*EXERCISE MATERIALS*.

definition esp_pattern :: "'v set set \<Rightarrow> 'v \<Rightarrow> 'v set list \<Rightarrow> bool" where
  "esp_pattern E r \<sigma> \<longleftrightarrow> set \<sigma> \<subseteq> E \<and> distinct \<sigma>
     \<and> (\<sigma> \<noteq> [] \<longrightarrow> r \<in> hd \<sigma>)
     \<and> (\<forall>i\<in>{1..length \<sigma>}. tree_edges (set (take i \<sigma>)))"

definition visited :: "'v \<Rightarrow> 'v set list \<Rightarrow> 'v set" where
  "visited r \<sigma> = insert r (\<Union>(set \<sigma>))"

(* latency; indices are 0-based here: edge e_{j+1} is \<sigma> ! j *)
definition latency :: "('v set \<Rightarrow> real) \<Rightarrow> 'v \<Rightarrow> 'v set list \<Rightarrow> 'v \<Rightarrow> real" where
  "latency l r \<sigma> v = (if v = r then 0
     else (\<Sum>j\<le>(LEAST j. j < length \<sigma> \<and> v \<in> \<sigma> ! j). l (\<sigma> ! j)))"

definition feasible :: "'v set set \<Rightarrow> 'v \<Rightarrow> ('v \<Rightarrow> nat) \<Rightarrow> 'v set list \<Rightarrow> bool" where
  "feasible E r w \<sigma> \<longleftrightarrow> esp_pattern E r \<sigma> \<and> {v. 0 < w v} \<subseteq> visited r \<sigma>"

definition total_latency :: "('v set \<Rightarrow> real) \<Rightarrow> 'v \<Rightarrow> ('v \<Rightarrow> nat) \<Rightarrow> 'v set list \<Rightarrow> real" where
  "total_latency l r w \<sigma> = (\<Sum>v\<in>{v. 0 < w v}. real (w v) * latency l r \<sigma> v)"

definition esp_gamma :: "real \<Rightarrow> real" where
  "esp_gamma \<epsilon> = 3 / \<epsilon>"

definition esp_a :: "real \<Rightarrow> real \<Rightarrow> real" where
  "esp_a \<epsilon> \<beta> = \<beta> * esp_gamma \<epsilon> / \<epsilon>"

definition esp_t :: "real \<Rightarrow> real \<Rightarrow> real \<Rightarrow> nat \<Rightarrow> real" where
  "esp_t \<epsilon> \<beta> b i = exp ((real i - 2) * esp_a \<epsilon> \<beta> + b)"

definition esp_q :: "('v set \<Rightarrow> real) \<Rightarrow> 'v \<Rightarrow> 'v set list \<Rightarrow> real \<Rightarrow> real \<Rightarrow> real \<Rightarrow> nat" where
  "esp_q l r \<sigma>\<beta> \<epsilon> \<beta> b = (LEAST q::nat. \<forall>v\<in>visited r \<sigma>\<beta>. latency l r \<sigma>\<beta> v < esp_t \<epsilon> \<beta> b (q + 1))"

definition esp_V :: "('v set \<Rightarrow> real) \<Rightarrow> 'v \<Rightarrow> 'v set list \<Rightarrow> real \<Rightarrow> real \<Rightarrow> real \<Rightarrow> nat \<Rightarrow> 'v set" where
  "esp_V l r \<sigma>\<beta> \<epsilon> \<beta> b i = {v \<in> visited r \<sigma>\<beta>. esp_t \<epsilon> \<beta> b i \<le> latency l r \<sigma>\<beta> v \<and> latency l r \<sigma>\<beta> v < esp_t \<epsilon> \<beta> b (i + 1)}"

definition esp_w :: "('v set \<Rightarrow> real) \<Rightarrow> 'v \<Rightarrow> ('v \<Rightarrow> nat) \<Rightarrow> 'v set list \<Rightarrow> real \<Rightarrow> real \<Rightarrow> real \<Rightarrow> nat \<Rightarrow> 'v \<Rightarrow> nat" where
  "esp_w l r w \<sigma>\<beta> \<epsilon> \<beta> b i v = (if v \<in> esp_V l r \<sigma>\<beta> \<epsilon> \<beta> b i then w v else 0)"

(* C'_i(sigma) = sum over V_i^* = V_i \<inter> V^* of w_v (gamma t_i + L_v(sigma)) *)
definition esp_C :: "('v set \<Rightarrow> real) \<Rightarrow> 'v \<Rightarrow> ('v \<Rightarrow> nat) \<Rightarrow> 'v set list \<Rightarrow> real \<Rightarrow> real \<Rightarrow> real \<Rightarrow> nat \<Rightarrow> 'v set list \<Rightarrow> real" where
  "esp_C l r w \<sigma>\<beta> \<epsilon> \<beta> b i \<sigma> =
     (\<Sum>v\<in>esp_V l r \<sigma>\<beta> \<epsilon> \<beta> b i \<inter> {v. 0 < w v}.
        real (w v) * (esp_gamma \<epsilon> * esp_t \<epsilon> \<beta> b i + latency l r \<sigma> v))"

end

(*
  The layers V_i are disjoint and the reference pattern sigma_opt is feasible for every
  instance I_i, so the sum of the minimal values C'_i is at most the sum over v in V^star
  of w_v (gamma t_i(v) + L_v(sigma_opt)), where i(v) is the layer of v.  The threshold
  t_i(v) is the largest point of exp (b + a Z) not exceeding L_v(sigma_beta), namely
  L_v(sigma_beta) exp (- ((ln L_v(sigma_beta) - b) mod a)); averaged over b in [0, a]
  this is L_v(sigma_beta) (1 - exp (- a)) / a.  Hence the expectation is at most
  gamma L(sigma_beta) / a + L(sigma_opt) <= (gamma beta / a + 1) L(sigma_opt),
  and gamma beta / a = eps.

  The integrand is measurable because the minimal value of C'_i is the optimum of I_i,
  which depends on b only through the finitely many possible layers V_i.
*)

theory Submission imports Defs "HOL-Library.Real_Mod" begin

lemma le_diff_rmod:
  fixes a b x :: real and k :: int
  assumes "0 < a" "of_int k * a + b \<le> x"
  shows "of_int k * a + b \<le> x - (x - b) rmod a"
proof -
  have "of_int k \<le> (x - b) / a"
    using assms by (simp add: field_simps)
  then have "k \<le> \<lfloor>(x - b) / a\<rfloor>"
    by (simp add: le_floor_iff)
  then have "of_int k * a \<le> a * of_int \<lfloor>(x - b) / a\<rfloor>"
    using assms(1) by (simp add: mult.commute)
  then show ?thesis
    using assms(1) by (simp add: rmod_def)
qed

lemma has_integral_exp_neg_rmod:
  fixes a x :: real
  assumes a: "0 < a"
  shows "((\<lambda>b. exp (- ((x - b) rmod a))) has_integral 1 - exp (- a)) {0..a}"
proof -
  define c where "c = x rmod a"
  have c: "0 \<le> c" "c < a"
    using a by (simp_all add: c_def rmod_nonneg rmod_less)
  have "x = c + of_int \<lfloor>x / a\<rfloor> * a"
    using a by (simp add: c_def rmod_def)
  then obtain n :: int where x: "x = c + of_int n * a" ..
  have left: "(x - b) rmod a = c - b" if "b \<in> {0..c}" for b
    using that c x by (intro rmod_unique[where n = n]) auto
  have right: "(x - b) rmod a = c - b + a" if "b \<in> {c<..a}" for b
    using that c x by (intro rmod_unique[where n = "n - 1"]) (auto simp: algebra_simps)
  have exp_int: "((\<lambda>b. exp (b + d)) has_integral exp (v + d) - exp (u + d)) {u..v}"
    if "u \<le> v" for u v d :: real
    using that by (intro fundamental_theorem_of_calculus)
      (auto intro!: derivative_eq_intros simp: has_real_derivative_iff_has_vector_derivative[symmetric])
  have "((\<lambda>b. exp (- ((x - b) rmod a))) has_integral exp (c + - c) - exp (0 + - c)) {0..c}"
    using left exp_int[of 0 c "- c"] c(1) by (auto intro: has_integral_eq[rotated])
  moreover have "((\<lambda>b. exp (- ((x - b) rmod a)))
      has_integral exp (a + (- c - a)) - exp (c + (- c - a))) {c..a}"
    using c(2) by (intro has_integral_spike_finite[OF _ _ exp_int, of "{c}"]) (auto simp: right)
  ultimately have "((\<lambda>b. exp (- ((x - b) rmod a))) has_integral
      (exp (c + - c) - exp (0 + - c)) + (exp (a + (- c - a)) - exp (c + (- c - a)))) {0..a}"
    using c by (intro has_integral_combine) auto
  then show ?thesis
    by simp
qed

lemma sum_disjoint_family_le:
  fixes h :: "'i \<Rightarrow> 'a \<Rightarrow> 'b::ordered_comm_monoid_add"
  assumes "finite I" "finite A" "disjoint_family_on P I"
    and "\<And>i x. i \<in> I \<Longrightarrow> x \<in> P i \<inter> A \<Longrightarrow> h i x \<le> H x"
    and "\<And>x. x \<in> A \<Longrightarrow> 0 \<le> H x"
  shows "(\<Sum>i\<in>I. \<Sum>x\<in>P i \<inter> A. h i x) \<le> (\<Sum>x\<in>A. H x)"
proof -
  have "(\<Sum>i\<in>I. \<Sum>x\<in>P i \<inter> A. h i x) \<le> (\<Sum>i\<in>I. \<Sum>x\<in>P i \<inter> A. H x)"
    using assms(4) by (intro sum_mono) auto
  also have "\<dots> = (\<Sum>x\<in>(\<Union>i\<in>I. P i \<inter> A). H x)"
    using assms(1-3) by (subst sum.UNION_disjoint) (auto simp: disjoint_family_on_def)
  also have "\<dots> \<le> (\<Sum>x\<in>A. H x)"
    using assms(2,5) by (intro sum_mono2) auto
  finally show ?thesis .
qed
...
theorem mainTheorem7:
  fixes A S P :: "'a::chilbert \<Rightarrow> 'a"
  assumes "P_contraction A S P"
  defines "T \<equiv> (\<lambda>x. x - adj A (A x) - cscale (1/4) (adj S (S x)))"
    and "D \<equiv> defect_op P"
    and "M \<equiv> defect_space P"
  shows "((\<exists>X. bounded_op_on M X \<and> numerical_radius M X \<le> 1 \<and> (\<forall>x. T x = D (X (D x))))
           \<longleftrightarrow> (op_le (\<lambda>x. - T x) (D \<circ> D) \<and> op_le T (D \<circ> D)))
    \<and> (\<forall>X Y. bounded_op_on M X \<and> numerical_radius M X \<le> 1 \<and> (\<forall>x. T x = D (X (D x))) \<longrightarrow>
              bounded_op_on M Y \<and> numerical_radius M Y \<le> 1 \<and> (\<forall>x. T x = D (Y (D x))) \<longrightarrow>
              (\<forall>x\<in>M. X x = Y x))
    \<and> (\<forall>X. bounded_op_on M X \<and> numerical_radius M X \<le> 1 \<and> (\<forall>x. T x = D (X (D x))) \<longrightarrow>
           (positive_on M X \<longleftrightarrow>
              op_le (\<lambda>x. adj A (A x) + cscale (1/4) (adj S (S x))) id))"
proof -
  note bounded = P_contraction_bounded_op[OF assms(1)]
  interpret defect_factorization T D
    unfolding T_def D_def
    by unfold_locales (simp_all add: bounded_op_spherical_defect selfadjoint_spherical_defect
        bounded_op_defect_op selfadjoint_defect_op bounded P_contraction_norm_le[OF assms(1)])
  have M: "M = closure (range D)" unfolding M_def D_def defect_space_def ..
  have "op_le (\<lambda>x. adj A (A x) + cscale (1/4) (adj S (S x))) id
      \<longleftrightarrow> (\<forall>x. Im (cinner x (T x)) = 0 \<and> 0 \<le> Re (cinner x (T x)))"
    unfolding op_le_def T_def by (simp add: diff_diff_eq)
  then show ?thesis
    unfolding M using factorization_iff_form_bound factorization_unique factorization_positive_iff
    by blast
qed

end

*YOUR OBJECTIVE*. Each line of the records that holds the word "most" should be copied out.

*RESPONSE BOX*.
  instance I_i, so the sum of the minimal values C'_i is at most the sum over v in V^star
  this is L_v(sigma_beta) (1 - exp (- a)) / a.  Hence the expectation is at most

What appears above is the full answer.